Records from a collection
* * *
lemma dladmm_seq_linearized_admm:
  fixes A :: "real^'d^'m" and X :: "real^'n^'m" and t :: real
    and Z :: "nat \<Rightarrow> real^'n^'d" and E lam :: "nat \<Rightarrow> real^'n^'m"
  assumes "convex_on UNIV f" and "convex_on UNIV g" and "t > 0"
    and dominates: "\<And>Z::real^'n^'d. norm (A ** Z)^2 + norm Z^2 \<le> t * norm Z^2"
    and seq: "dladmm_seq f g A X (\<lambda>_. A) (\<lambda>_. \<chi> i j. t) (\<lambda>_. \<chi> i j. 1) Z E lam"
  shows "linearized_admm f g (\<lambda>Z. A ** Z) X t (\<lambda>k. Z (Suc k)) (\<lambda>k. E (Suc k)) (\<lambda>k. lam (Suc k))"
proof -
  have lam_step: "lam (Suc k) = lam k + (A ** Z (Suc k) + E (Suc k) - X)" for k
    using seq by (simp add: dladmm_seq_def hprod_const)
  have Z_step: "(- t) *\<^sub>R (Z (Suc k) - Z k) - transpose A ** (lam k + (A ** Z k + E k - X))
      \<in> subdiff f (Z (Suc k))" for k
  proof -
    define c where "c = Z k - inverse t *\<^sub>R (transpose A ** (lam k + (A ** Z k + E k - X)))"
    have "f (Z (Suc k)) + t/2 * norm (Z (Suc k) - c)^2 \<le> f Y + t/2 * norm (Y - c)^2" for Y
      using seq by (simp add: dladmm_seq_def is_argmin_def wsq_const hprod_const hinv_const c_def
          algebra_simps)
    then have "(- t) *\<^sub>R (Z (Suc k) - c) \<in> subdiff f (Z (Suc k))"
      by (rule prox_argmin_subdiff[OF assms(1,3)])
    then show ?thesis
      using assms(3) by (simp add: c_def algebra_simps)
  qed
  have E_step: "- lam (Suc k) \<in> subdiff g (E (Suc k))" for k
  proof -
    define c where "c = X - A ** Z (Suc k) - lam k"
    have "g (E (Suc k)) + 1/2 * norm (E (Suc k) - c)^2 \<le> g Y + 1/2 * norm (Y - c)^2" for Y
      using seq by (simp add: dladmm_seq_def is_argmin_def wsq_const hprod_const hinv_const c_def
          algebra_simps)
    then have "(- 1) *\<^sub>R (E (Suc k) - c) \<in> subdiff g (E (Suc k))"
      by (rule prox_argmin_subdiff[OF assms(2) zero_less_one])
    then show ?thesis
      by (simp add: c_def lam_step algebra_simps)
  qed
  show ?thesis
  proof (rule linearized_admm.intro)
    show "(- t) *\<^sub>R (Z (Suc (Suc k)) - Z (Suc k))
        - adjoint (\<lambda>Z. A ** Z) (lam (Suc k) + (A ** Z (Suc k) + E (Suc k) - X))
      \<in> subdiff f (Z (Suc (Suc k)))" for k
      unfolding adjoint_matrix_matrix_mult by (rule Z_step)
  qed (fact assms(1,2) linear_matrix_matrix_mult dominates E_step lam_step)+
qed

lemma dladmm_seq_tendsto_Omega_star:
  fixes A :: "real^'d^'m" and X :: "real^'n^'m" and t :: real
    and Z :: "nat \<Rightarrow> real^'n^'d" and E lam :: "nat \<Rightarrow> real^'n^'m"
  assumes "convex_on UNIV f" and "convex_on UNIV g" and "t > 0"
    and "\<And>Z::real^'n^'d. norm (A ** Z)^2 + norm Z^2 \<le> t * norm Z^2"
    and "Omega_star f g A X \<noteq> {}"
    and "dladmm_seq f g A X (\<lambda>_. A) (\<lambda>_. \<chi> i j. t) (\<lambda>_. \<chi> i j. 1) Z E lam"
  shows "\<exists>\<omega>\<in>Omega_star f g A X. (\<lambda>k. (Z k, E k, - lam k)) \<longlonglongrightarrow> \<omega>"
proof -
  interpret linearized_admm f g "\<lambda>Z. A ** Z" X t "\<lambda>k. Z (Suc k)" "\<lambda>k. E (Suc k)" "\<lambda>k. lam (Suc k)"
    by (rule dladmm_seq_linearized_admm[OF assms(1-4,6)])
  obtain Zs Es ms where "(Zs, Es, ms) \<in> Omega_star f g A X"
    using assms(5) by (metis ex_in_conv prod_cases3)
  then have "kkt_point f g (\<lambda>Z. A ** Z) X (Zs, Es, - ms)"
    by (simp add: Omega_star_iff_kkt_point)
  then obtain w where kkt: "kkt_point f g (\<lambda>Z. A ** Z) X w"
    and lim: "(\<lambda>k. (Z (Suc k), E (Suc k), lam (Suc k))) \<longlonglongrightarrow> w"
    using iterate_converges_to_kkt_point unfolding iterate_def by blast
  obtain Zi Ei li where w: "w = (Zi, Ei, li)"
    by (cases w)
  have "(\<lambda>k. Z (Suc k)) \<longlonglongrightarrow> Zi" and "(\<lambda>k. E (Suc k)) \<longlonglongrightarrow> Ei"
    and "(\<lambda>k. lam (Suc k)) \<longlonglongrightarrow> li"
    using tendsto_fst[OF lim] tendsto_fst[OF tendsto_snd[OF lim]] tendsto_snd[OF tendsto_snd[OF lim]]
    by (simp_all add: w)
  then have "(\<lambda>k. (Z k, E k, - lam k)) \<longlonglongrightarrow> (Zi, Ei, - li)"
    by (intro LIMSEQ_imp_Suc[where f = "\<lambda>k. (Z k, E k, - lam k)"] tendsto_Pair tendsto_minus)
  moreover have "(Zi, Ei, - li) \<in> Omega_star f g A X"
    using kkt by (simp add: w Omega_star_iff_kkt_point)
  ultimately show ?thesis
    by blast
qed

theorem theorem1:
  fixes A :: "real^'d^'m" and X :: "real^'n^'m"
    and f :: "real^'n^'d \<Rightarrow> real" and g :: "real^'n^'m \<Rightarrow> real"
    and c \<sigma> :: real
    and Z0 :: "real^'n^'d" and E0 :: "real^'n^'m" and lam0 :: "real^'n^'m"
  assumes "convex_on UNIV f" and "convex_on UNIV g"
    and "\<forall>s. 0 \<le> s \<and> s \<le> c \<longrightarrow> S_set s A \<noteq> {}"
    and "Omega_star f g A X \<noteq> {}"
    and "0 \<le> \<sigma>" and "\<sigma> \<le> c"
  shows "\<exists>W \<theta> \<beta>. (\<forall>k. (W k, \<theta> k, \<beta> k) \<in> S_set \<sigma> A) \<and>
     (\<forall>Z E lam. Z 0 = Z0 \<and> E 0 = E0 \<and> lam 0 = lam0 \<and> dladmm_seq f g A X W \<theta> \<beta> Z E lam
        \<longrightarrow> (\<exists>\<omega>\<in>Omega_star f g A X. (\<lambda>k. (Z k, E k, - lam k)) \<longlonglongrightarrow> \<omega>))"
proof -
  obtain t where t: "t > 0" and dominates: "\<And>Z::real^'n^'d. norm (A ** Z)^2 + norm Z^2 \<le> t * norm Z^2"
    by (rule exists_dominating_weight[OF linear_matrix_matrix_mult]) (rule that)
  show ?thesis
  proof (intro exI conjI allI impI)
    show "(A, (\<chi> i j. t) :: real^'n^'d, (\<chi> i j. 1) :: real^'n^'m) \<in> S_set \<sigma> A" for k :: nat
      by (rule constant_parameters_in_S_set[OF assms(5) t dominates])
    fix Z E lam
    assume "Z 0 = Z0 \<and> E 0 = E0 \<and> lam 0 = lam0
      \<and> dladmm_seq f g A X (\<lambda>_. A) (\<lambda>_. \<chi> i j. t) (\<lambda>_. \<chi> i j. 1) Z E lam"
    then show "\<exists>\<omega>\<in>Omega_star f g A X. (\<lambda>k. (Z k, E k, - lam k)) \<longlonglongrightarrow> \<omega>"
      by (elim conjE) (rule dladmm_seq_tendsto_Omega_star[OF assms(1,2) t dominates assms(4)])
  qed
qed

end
* * *
PROBLEM TO SOLVE — Faithfully copy every entry, leaving nothing out.

THE ANSWER —
lemma dladmm_seq_linearized_admm:
  fixes A :: "real^'d^'m" and X :: "real^'n^'m" and t :: real
    and Z :: "nat \<Rightarrow> real^'n^'d" and E lam :: "nat \<Rightarrow> real^'n^'m"
  assumes "convex_on UNIV f" and "convex_on UNIV g" and "t > 0"
    and dominates: "\<And>Z::real^'n^'d. norm (A ** Z)^2 + norm Z^2 \<le> t * norm Z^2"
    and seq: "dladmm_seq f g A X (\<lambda>_. A) (\<lambda>_. \<chi> i j. t) (\<lambda>_. \<chi> i j. 1) Z E lam"
  shows "linearized_admm f g (\<lambda>Z. A ** Z) X t (\<lambda>k. Z (Suc k)) (\<lambda>k. E (Suc k)) (\<lambda>k. lam (Suc k))"
proof -
  have lam_step: "lam (Suc k) = lam k + (A ** Z (Suc k) + E (Suc k) - X)" for k
    using seq by (simp add: dladmm_seq_def hprod_const)
  have Z_step: "(- t) *\<^sub>R (Z (Suc k) - Z k) - transpose A ** (lam k + (A ** Z k + E k - X))
      \<in> subdiff f (Z (Suc k))" for k
  proof -
    define c where "c = Z k - inverse t *\<^sub>R (transpose A ** (lam k + (A ** Z k + E k - X)))"
    have "f (Z (Suc k)) + t/2 * norm (Z (Suc k) - c)^2 \<le> f Y + t/2 * norm (Y - c)^2" for Y
      using seq by (simp add: dladmm_seq_def is_argmin_def wsq_const hprod_const hinv_const c_def
          algebra_simps)
    then have "(- t) *\<^sub>R (Z (Suc k) - c) \<in> subdiff f (Z (Suc k))"
      by (rule prox_argmin_subdiff[OF assms(1,3)])
    then show ?thesis
      using assms(3) by (simp add: c_def algebra_simps)
  qed
  have E_step: "- lam (Suc k) \<in> subdiff g (E (Suc k))" for k
  proof -
    define c where "c = X - A ** Z (Suc k) - lam k"
    have "g (E (Suc k)) + 1/2 * norm (E (Suc k) - c)^2 \<le> g Y + 1/2 * norm (Y - c)^2" for Y
      using seq by (simp add: dladmm_seq_def is_argmin_def wsq_const hprod_const hinv_const c_def
          algebra_simps)
    then have "(- 1) *\<^sub>R (E (Suc k) - c) \<in> subdiff g (E (Suc k))"
      by (rule prox_argmin_subdiff[OF assms(2) zero_less_one])
    then show ?thesis
      by (simp add: c_def lam_step algebra_simps)
  qed
  show ?thesis
  proof (rule linearized_admm.intro)
    show "(- t) *\<^sub>R (Z (Suc (Suc k)) - Z (Suc k))
        - adjoint (\<lambda>Z. A ** Z) (lam (Suc k) + (A ** Z (Suc k) + E (Suc k) - X))
      \<in> subdiff f (Z (Suc (Suc k)))" for k
      unfolding adjoint_matrix_matrix_mult by (rule Z_step)
  qed (fact assms(1,2) linear_matrix_matrix_mult dominates E_step lam_step)+
qed

lemma dladmm_seq_tendsto_Omega_star:
  fixes A :: "real^'d^'m" and X :: "real^'n^'m" and t :: real
    and Z :: "nat \<Rightarrow> real^'n^'d" and E lam :: "nat \<Rightarrow> real^'n^'m"
  assumes "convex_on UNIV f" and "convex_on UNIV g" and "t > 0"
    and "\<And>Z::real^'n^'d. norm (A ** Z)^2 + norm Z^2 \<le> t * norm Z^2"
    and "Omega_star f g A X \<noteq> {}"
    and "dladmm_seq f g A X (\<lambda>_. A) (\<lambda>_. \<chi> i j. t) (\<lambda>_. \<chi> i j. 1) Z E lam"
  shows "\<exists>\<omega>\<in>Omega_star f g A X. (\<lambda>k. (Z k, E k, - lam k)) \<longlonglongrightarrow> \<omega>"
proof -
  interpret linearized_admm f g "\<lambda>Z. A ** Z" X t "\<lambda>k. Z (Suc k)" "\<lambda>k. E (Suc k)" "\<lambda>k. lam (Suc k)"
    by (rule dladmm_seq_linearized_admm[OF assms(1-4,6)])
  obtain Zs Es ms where "(Zs, Es, ms) \<in> Omega_star f g A X"
    using assms(5) by (metis ex_in_conv prod_cases3)
  then have "kkt_point f g (\<lambda>Z. A ** Z) X (Zs, Es, - ms)"
    by (simp add: Omega_star_iff_kkt_point)
  then obtain w where kkt: "kkt_point f g (\<lambda>Z. A ** Z) X w"
    and lim: "(\<lambda>k. (Z (Suc k), E (Suc k), lam (Suc k))) \<longlonglongrightarrow> w"
    using iterate_converges_to_kkt_point unfolding iterate_def by blast
  obtain Zi Ei li where w: "w = (Zi, Ei, li)"
    by (cases w)
  have "(\<lambda>k. Z (Suc k)) \<longlonglongrightarrow> Zi" and "(\<lambda>k. E (Suc k)) \<longlonglongrightarrow> Ei"
    and "(\<lambda>k. lam (Suc k)) \<longlonglongrightarrow> li"
    using tendsto_fst[OF lim] tendsto_fst[OF tendsto_snd[OF lim]] tendsto_snd[OF tendsto_snd[OF lim]]
    by (simp_all add: w)
  then have "(\<lambda>k. (Z k, E k, - lam k)) \<longlonglongrightarrow> (Zi, Ei, - li)"
    by (intro LIMSEQ_imp_Suc[where f = "\<lambda>k. (Z k, E k, - lam k)"] tendsto_Pair tendsto_minus)
  moreover have "(Zi, Ei, - li) \<in> Omega_star f g A X"
    using kkt by (simp add: w Omega_star_iff_kkt_point)
  ultimately show ?thesis
    by blast
qed

theorem theorem1:
  fixes A :: "real^'d^'m" and X :: "real^'n^'m"
    and f :: "real^'n^'d \<Rightarrow> real" and g :: "real^'n^'m \<Rightarrow> real"
    and c \<sigma> :: real
    and Z0 :: "real^'n^'d" and E0 :: "real^'n^'m" and lam0 :: "real^'n^'m"
  assumes "convex_on UNIV f" and "convex_on UNIV g"
    and "\<forall>s. 0 \<le> s \<and> s \<le> c \<longrightarrow> S_set s A \<noteq> {}"
    and "Omega_star f g A X \<noteq> {}"
    and "0 \<le> \<sigma>" and "\<sigma> \<le> c"
  shows "\<exists>W \<theta> \<beta>. (\<forall>k. (W k, \<theta> k, \<beta> k) \<in> S_set \<sigma> A) \<and>
     (\<forall>Z E lam. Z 0 = Z0 \<and> E 0 = E0 \<and> lam 0 = lam0 \<and> dladmm_seq f g A X W \<theta> \<beta> Z E lam
        \<longrightarrow> (\<exists>\<omega>\<in>Omega_star f g A X. (\<lambda>k. (Z k, E k, - lam k)) \<longlonglongrightarrow> \<omega>))"
proof -
  obtain t where t: "t > 0" and dominates: "\<And>Z::real^'n^'d. norm (A ** Z)^2 + norm Z^2 \<le> t * norm Z^2"
    by (rule exists_dominating_weight[OF linear_matrix_matrix_mult]) (rule that)
  show ?thesis
  proof (intro exI conjI allI impI)
    show "(A, (\<chi> i j. t) :: real^'n^'d, (\<chi> i j. 1) :: real^'n^'m) \<in> S_set \<sigma> A" for k :: nat
      by (rule constant_parameters_in_S_set[OF assms(5) t dominates])
    fix Z E lam
    assume "Z 0 = Z0 \<and> E 0 = E0 \<and> lam 0 = lam0
      \<and> dladmm_seq f g A X (\<lambda>_. A) (\<lambda>_. \<chi> i j. t) (\<lambda>_. \<chi> i j. 1) Z E lam"
    then show "\<exists>\<omega>\<in>Omega_star f g A X. (\<lambda>k. (Z k, E k, - lam k)) \<longlonglongrightarrow> \<omega>"
      by (elim conjE) (rule dladmm_seq_tendsto_Omega_star[OF assms(1,2) t dominates assms(4)])
  qed
qed

end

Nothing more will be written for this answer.